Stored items
####

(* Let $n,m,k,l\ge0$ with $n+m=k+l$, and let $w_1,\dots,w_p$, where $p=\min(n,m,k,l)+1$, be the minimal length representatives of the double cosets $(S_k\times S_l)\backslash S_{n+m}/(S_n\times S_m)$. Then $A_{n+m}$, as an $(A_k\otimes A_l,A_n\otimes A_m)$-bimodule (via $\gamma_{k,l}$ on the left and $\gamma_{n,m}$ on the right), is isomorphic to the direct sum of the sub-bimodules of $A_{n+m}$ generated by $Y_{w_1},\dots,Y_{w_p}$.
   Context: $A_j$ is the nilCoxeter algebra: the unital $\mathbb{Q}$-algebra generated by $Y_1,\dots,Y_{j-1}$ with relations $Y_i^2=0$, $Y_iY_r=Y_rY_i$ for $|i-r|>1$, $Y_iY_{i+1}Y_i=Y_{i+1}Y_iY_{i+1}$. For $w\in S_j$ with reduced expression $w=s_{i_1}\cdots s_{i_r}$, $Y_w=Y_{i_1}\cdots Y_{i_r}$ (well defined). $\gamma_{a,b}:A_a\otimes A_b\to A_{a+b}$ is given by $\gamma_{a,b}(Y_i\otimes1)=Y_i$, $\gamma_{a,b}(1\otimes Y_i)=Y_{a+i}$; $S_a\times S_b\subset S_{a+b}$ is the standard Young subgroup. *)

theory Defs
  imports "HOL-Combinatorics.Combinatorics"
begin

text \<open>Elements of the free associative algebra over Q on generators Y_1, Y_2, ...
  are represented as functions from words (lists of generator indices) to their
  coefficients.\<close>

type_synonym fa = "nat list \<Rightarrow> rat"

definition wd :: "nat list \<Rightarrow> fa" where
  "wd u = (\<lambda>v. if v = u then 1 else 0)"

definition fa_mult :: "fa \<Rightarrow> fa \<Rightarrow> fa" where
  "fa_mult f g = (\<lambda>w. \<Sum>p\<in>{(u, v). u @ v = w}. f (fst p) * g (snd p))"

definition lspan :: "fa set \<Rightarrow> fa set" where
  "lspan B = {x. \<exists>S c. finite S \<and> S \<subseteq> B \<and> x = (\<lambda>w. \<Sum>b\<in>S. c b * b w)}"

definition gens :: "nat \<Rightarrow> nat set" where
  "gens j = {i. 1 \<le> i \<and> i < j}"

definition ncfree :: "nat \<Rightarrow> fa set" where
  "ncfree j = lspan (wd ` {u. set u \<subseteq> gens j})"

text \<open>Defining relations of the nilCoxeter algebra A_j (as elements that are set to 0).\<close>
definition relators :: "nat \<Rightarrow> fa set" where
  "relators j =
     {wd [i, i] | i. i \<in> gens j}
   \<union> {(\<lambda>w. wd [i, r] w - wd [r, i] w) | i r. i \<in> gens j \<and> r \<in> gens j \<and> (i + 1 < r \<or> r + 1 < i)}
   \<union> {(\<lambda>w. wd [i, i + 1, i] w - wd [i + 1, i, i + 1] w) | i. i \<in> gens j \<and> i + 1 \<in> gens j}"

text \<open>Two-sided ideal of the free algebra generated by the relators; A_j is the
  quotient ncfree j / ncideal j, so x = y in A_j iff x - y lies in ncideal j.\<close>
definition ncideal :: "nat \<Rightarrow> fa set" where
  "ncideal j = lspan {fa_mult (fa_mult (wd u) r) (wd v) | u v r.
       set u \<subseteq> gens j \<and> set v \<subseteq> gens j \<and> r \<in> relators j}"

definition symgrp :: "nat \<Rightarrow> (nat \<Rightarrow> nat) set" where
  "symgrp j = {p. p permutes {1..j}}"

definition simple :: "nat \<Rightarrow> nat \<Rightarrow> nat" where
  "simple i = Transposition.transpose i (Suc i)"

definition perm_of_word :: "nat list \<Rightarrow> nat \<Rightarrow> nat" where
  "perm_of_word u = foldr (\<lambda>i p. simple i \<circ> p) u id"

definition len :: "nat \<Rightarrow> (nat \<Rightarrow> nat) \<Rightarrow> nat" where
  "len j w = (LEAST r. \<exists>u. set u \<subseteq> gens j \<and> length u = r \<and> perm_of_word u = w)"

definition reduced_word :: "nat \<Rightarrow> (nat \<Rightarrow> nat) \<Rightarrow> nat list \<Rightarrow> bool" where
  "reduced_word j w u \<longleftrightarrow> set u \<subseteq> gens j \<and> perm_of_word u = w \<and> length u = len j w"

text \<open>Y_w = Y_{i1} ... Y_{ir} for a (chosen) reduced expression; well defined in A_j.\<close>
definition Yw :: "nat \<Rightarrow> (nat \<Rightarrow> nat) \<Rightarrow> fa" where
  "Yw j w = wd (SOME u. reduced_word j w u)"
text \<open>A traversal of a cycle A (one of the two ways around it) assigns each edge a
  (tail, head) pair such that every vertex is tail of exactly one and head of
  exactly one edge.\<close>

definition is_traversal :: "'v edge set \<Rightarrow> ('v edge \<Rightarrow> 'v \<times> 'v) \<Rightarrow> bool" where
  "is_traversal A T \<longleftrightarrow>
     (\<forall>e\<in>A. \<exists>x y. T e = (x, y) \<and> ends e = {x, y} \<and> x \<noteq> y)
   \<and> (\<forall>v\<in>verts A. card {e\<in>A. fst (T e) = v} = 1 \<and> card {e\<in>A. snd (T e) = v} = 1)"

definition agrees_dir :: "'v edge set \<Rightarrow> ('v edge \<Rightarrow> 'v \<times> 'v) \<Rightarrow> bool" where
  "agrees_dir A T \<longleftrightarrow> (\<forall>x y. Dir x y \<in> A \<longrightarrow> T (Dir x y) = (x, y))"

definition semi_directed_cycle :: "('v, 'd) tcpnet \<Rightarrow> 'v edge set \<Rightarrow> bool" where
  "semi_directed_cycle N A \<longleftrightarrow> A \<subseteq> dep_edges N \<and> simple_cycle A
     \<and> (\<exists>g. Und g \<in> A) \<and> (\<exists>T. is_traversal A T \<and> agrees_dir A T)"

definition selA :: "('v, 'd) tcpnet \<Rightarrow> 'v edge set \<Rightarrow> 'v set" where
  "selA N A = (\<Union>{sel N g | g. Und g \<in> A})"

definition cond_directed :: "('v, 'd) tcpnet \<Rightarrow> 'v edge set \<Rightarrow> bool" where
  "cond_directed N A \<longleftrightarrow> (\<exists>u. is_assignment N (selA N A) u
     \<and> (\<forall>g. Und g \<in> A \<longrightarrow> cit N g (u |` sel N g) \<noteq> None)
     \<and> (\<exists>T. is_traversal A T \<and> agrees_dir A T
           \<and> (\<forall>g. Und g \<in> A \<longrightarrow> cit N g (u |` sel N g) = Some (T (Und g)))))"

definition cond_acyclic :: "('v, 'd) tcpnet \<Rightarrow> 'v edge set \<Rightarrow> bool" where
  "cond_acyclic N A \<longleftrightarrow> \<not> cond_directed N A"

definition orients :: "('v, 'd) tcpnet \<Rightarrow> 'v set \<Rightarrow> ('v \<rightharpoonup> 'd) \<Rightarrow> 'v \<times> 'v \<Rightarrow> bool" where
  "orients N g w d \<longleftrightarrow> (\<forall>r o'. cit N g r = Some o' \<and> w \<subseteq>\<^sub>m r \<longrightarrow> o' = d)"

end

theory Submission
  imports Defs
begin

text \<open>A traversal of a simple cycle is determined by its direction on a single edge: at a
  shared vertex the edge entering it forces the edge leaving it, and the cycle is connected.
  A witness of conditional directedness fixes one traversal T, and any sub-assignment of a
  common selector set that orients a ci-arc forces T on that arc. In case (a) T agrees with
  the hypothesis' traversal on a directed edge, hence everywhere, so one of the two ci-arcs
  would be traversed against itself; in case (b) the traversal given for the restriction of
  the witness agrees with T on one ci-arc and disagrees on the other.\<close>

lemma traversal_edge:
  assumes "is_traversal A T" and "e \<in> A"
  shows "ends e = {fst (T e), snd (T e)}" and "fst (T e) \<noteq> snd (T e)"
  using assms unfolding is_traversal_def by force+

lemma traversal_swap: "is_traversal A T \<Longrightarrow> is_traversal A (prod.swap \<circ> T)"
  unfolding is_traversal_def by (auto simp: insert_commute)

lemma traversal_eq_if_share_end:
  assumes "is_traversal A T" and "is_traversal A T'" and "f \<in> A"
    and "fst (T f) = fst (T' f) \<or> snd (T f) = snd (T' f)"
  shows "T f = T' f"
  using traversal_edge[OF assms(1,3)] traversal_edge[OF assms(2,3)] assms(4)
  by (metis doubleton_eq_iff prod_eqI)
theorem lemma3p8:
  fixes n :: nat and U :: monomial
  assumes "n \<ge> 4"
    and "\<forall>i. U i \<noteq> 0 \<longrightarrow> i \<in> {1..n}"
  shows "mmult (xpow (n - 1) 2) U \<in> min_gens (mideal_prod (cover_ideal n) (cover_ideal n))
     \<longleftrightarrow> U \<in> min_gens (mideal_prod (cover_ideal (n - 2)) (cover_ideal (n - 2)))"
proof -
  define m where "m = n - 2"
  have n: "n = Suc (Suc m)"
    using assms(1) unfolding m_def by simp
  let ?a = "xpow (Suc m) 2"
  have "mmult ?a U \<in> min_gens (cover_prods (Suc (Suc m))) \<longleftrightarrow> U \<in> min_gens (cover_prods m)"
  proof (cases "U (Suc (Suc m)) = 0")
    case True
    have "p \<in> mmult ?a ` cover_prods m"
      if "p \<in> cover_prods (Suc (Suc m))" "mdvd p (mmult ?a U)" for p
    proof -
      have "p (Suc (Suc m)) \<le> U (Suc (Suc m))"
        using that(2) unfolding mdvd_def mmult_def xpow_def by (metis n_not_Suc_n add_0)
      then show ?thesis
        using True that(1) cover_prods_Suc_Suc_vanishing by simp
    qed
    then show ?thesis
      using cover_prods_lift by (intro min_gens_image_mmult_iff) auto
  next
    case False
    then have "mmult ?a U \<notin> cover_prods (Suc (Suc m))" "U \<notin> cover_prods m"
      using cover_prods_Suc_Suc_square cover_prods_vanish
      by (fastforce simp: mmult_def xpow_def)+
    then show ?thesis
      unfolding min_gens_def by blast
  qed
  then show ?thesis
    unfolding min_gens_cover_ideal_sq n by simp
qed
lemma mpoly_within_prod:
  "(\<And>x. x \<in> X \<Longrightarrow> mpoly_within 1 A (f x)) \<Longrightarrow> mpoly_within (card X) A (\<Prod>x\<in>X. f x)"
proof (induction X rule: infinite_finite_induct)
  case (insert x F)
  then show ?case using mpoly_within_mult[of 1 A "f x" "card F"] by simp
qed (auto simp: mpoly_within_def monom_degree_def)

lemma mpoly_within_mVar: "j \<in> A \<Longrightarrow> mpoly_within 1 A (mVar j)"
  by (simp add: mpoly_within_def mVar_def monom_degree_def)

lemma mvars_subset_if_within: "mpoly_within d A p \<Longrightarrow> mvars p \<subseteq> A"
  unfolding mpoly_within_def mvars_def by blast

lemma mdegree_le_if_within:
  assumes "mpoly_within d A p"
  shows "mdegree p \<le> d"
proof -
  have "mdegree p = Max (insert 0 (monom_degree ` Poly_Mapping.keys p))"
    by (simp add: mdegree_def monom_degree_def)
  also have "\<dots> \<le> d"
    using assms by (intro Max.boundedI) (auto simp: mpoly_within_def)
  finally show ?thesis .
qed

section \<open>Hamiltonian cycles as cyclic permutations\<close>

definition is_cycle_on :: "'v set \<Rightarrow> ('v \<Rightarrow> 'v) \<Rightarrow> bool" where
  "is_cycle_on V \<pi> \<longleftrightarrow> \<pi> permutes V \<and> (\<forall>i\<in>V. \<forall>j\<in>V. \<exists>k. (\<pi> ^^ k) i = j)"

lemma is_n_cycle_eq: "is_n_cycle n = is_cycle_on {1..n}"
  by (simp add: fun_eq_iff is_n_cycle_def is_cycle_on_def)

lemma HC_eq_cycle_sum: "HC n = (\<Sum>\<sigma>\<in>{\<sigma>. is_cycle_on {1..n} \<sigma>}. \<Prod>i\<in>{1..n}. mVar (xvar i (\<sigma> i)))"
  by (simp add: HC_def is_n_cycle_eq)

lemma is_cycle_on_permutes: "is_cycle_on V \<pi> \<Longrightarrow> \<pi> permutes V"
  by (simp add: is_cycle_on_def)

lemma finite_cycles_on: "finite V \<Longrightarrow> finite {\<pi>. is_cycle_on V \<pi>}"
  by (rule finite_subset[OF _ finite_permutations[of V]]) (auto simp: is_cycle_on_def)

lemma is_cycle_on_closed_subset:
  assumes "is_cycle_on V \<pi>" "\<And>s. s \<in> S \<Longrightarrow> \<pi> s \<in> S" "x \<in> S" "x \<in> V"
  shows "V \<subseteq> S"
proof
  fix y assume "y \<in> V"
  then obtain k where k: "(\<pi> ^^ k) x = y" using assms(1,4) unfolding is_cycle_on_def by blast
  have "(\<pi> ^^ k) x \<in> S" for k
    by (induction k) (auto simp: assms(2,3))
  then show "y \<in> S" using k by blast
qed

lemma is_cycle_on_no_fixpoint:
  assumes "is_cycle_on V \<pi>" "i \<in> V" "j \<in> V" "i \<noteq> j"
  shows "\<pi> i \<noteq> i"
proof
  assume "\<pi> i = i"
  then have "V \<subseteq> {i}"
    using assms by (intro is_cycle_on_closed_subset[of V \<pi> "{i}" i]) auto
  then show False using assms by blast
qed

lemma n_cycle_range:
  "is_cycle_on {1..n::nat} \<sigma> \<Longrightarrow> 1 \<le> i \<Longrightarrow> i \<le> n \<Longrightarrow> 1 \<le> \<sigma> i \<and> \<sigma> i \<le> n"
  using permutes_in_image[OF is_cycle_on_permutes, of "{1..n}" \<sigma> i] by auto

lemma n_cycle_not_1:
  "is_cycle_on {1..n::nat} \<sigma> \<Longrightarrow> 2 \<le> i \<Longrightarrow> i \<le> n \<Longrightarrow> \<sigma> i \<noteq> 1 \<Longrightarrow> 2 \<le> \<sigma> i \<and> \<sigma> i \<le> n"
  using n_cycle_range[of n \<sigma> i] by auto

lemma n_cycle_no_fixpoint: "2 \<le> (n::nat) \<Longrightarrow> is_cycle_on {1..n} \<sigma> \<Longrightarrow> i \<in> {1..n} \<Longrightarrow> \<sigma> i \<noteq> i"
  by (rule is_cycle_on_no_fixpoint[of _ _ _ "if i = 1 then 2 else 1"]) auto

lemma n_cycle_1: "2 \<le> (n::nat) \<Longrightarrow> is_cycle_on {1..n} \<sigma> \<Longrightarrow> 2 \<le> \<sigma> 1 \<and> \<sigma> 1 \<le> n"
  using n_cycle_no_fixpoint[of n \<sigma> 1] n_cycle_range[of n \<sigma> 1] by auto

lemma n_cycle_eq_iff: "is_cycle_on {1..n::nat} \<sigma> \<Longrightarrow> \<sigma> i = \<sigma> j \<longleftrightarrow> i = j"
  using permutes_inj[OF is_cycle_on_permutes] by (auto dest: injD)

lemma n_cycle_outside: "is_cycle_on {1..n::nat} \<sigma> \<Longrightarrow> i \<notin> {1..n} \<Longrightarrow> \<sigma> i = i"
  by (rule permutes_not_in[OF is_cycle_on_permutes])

####

The lines above starting at the one that contains "proof (induction X" and ending at the one that contains "by (simp add: is_cycle_on_def)" must be transcribed exactly, and no other lines may appear.

EXERCISE RESPONSE:
proof (induction X rule: infinite_finite_induct)
  case (insert x F)
  then show ?case using mpoly_within_mult[of 1 A "f x" "card F"] by simp
qed (auto simp: mpoly_within_def monom_degree_def)

lemma mpoly_within_mVar: "j \<in> A \<Longrightarrow> mpoly_within 1 A (mVar j)"
  by (simp add: mpoly_within_def mVar_def monom_degree_def)

lemma mvars_subset_if_within: "mpoly_within d A p \<Longrightarrow> mvars p \<subseteq> A"
  unfolding mpoly_within_def mvars_def by blast

lemma mdegree_le_if_within:
  assumes "mpoly_within d A p"
  shows "mdegree p \<le> d"
proof -
  have "mdegree p = Max (insert 0 (monom_degree ` Poly_Mapping.keys p))"
    by (simp add: mdegree_def monom_degree_def)
  also have "\<dots> \<le> d"
    using assms by (intro Max.boundedI) (auto simp: mpoly_within_def)
  finally show ?thesis .
qed

section \<open>Hamiltonian cycles as cyclic permutations\<close>

definition is_cycle_on :: "'v set \<Rightarrow> ('v \<Rightarrow> 'v) \<Rightarrow> bool" where
  "is_cycle_on V \<pi> \<longleftrightarrow> \<pi> permutes V \<and> (\<forall>i\<in>V. \<forall>j\<in>V. \<exists>k. (\<pi> ^^ k) i = j)"

lemma is_n_cycle_eq: "is_n_cycle n = is_cycle_on {1..n}"
  by (simp add: fun_eq_iff is_n_cycle_def is_cycle_on_def)

lemma HC_eq_cycle_sum: "HC n = (\<Sum>\<sigma>\<in>{\<sigma>. is_cycle_on {1..n} \<sigma>}. \<Prod>i\<in>{1..n}. mVar (xvar i (\<sigma> i)))"
  by (simp add: HC_def is_n_cycle_eq)

lemma is_cycle_on_permutes: "is_cycle_on V \<pi> \<Longrightarrow> \<pi> permutes V"
  by (simp add: is_cycle_on_def)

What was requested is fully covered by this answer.